Collected data entries:
================================

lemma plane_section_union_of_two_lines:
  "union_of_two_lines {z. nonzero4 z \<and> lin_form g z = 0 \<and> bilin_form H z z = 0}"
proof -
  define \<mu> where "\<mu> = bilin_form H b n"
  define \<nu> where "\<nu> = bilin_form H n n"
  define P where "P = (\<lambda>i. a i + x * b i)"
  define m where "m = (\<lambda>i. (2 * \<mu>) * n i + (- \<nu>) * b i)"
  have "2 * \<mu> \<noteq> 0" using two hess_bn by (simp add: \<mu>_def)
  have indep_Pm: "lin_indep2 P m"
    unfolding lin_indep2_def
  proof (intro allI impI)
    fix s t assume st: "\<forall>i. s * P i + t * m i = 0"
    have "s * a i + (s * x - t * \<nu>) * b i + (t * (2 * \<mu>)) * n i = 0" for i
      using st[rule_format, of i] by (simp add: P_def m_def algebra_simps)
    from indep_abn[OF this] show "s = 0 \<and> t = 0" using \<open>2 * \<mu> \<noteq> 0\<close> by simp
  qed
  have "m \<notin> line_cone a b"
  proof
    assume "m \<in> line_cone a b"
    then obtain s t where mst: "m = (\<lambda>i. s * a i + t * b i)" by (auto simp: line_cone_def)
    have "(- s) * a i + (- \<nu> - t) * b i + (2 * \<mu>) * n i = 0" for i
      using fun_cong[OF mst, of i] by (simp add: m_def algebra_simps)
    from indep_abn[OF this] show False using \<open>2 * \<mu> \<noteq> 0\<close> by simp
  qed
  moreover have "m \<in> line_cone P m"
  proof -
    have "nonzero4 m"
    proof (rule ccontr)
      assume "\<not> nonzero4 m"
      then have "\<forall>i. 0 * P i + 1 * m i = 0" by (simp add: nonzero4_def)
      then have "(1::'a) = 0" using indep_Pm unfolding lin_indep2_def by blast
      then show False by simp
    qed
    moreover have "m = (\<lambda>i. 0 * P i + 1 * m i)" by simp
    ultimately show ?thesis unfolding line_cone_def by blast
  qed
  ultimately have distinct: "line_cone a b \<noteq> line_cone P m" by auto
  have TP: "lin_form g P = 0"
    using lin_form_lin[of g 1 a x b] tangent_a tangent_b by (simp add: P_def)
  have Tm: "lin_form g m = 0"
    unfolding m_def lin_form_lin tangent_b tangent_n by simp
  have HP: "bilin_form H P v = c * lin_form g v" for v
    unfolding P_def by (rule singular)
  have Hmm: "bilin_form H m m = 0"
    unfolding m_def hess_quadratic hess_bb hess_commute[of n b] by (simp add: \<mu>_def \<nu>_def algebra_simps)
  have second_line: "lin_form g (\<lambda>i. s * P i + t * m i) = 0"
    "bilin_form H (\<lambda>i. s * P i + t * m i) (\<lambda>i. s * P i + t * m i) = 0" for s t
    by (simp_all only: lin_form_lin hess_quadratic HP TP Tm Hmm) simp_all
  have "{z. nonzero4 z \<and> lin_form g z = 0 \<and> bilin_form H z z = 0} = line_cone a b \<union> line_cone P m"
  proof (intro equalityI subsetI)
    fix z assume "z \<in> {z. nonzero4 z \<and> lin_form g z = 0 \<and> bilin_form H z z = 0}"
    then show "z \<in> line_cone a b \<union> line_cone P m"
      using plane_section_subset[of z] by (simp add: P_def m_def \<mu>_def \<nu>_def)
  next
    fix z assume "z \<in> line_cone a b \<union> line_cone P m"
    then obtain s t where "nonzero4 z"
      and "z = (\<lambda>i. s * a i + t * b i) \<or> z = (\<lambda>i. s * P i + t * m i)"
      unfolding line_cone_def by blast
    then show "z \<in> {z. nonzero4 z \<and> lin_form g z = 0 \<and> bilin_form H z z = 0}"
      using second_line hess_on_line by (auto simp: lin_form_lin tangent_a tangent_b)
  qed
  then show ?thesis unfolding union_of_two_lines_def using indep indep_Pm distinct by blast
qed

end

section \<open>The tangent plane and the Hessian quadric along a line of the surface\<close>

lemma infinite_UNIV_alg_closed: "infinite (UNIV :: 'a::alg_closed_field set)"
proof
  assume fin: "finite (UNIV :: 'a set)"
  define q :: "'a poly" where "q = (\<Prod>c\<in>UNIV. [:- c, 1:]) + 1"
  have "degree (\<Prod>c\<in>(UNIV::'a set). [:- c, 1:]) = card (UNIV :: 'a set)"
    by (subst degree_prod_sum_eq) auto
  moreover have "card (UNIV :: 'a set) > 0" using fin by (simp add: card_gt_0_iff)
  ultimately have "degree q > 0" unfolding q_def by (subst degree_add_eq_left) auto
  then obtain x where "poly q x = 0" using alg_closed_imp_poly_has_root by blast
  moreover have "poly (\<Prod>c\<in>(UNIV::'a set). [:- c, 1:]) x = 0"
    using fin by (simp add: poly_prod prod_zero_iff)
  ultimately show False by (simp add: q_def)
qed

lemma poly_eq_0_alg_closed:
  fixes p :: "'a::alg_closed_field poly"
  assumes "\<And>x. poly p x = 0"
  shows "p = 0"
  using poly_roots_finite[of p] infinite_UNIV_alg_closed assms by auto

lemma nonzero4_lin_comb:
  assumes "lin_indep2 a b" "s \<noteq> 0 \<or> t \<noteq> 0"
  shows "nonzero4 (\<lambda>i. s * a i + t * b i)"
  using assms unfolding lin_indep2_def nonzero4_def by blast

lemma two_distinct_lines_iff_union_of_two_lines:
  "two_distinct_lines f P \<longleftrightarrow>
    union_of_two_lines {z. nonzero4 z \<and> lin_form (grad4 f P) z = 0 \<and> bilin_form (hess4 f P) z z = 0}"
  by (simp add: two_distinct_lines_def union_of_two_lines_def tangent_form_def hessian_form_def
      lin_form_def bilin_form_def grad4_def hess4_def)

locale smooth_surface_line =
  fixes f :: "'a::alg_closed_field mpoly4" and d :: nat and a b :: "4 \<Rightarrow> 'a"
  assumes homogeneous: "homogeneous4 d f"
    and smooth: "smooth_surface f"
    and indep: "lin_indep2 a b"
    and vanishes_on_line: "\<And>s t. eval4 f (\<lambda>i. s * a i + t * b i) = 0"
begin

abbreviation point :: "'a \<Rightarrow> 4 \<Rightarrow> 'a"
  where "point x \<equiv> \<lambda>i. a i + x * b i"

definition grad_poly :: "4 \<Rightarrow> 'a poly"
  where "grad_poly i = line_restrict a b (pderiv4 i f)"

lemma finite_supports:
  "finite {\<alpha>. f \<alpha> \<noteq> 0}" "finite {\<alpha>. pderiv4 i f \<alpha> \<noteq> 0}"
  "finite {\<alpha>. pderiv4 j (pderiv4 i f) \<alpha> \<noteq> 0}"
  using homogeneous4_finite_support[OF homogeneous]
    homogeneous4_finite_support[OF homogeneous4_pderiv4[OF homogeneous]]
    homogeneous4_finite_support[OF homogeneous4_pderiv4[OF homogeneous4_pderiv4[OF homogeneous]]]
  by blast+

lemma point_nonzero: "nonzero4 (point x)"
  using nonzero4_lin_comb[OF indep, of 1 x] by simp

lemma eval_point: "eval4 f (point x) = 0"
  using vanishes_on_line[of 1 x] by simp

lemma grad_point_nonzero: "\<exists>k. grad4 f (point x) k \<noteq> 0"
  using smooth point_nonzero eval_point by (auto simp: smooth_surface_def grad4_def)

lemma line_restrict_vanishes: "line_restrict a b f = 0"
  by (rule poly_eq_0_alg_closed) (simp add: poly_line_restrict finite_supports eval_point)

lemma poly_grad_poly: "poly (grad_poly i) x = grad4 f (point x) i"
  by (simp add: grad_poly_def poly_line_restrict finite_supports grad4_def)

================================

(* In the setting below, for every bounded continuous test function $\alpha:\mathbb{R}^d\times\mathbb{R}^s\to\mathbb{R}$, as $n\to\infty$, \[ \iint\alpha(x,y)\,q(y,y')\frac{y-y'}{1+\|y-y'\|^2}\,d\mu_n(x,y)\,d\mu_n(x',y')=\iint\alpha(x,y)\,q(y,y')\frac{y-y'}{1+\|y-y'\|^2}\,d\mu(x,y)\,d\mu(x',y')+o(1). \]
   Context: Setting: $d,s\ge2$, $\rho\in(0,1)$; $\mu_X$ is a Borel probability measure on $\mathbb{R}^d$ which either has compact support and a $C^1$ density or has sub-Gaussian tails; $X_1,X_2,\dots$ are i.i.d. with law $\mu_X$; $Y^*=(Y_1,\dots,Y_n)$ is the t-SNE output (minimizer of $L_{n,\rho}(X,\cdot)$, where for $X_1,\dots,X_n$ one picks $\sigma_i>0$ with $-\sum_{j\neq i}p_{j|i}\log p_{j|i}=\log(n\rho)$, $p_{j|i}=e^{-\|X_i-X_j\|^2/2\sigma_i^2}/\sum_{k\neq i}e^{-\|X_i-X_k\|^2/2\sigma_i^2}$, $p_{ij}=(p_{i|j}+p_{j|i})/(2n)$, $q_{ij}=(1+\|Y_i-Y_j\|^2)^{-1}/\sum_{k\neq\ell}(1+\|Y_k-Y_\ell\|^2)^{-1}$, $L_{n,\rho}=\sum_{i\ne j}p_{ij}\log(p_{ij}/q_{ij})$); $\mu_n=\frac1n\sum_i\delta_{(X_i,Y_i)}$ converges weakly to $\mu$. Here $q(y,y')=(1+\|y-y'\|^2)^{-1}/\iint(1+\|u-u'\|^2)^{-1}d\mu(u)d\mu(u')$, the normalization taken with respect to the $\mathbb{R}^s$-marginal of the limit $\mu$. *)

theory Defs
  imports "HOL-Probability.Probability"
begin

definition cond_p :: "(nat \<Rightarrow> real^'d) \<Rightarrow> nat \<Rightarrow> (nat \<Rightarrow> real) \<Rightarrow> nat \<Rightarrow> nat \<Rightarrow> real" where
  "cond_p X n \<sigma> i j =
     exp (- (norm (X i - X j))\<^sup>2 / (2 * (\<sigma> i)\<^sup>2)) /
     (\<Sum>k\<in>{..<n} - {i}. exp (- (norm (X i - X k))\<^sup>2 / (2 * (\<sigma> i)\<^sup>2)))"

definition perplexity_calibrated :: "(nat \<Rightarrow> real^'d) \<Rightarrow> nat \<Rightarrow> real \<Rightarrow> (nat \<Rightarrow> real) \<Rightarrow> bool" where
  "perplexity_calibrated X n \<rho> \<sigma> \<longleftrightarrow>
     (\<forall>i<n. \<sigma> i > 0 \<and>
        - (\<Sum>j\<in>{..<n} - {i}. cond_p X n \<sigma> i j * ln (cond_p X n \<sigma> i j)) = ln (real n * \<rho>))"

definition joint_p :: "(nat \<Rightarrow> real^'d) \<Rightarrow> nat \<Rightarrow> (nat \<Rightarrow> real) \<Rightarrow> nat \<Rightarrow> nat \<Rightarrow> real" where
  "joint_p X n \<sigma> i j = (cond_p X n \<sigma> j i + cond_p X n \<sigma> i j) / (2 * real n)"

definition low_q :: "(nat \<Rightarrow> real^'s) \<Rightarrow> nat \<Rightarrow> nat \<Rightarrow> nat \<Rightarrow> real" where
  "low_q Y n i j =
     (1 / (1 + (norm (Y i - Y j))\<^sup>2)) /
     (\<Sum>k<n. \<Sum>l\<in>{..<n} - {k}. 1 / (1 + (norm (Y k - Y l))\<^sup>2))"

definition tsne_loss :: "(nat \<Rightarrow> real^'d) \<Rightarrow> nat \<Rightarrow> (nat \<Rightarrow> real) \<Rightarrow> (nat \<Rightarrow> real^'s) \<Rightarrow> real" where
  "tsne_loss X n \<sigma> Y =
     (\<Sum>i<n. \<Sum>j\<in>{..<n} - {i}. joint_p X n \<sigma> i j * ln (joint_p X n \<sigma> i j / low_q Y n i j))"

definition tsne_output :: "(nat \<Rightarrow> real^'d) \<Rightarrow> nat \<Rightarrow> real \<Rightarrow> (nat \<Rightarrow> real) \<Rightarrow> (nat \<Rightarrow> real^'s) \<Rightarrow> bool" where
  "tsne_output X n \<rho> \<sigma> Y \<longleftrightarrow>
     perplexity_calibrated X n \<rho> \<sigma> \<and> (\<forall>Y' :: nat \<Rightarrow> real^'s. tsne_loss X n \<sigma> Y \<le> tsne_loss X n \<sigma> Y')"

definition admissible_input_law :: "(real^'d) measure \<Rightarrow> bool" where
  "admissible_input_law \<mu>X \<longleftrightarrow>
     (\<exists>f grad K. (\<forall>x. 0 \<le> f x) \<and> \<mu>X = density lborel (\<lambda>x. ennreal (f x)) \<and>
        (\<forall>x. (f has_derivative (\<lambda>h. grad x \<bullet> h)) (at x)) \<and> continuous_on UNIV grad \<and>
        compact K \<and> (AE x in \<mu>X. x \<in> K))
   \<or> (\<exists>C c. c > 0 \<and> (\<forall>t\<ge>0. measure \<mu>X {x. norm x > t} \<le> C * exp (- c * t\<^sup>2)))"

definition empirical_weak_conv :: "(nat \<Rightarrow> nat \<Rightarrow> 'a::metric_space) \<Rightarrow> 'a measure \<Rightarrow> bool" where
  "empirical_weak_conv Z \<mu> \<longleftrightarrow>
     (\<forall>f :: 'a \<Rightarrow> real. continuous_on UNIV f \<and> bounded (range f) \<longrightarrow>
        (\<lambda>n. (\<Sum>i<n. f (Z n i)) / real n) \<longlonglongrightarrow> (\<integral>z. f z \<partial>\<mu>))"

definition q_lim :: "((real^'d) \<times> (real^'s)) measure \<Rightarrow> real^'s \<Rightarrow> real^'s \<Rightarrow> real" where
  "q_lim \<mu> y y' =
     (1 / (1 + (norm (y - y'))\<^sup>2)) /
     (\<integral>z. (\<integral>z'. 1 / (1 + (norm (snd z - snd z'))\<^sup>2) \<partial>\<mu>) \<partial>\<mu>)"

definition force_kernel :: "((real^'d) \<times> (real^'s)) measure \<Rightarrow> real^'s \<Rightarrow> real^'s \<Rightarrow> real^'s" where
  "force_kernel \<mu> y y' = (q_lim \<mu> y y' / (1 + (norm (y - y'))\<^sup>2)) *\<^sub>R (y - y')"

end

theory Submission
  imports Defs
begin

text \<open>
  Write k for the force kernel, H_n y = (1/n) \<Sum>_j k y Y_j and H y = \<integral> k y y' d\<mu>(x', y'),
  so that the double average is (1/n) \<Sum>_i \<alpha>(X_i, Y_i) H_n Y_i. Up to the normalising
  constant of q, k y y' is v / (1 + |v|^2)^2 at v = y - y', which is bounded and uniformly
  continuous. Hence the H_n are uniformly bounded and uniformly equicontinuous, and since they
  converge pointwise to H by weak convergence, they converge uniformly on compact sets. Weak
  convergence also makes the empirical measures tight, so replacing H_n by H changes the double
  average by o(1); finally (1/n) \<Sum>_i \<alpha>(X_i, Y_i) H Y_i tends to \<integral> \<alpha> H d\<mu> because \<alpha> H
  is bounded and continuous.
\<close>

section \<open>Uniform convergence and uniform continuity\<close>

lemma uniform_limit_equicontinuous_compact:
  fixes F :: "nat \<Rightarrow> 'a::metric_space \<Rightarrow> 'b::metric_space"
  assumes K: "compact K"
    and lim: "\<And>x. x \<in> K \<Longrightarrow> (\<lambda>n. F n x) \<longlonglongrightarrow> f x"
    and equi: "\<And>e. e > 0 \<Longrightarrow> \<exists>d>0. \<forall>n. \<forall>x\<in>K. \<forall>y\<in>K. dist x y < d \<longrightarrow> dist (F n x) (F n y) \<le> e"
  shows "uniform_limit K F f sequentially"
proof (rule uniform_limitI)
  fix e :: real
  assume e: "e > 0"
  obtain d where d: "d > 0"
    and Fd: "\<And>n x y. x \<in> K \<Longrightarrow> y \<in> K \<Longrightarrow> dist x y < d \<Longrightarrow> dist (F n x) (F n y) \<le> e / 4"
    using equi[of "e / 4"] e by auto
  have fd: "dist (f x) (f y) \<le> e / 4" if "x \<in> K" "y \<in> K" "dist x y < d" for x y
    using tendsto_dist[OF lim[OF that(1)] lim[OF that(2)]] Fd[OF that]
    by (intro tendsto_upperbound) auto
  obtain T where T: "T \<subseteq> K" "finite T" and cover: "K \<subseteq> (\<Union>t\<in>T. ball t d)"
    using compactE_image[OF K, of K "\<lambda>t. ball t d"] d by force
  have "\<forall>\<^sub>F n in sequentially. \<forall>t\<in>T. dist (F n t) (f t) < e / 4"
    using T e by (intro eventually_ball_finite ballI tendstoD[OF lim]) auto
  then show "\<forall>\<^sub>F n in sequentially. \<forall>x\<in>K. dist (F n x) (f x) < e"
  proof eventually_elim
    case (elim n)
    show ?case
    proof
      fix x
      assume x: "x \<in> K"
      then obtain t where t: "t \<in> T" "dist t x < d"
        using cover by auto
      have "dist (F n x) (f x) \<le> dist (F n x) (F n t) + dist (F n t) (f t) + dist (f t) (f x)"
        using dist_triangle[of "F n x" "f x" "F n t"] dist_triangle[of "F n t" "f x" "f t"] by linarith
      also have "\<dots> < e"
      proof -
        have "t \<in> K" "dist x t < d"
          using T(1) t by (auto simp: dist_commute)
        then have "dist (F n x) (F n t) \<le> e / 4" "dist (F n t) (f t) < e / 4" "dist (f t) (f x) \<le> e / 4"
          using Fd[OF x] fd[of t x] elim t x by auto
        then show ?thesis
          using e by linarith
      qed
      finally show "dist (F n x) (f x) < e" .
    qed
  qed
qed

================================

▶ AIM OF THE EXERCISE:
In the records above, the line with "homogeneous4_pderiv4[OF homogeneous4_pderiv4[OF homogeneous]]]" marks the start and the line with "by (simp add: grad_poly_def" marks the end; copy that stretch exactly, both lines included, and nothing else.

▶ RESULT FOR THIS EXERCISE:
    homogeneous4_finite_support[OF homogeneous4_pderiv4[OF homogeneous4_pderiv4[OF homogeneous]]]
  by blast+

lemma point_nonzero: "nonzero4 (point x)"
  using nonzero4_lin_comb[OF indep, of 1 x] by simp

lemma eval_point: "eval4 f (point x) = 0"
  using vanishes_on_line[of 1 x] by simp

lemma grad_point_nonzero: "\<exists>k. grad4 f (point x) k \<noteq> 0"
  using smooth point_nonzero eval_point by (auto simp: smooth_surface_def grad4_def)

lemma line_restrict_vanishes: "line_restrict a b f = 0"
  by (rule poly_eq_0_alg_closed) (simp add: poly_line_restrict finite_supports eval_point)

lemma poly_grad_poly: "poly (grad_poly i) x = grad4 f (point x) i"
  by (simp add: grad_poly_def poly_line_restrict finite_supports grad4_def)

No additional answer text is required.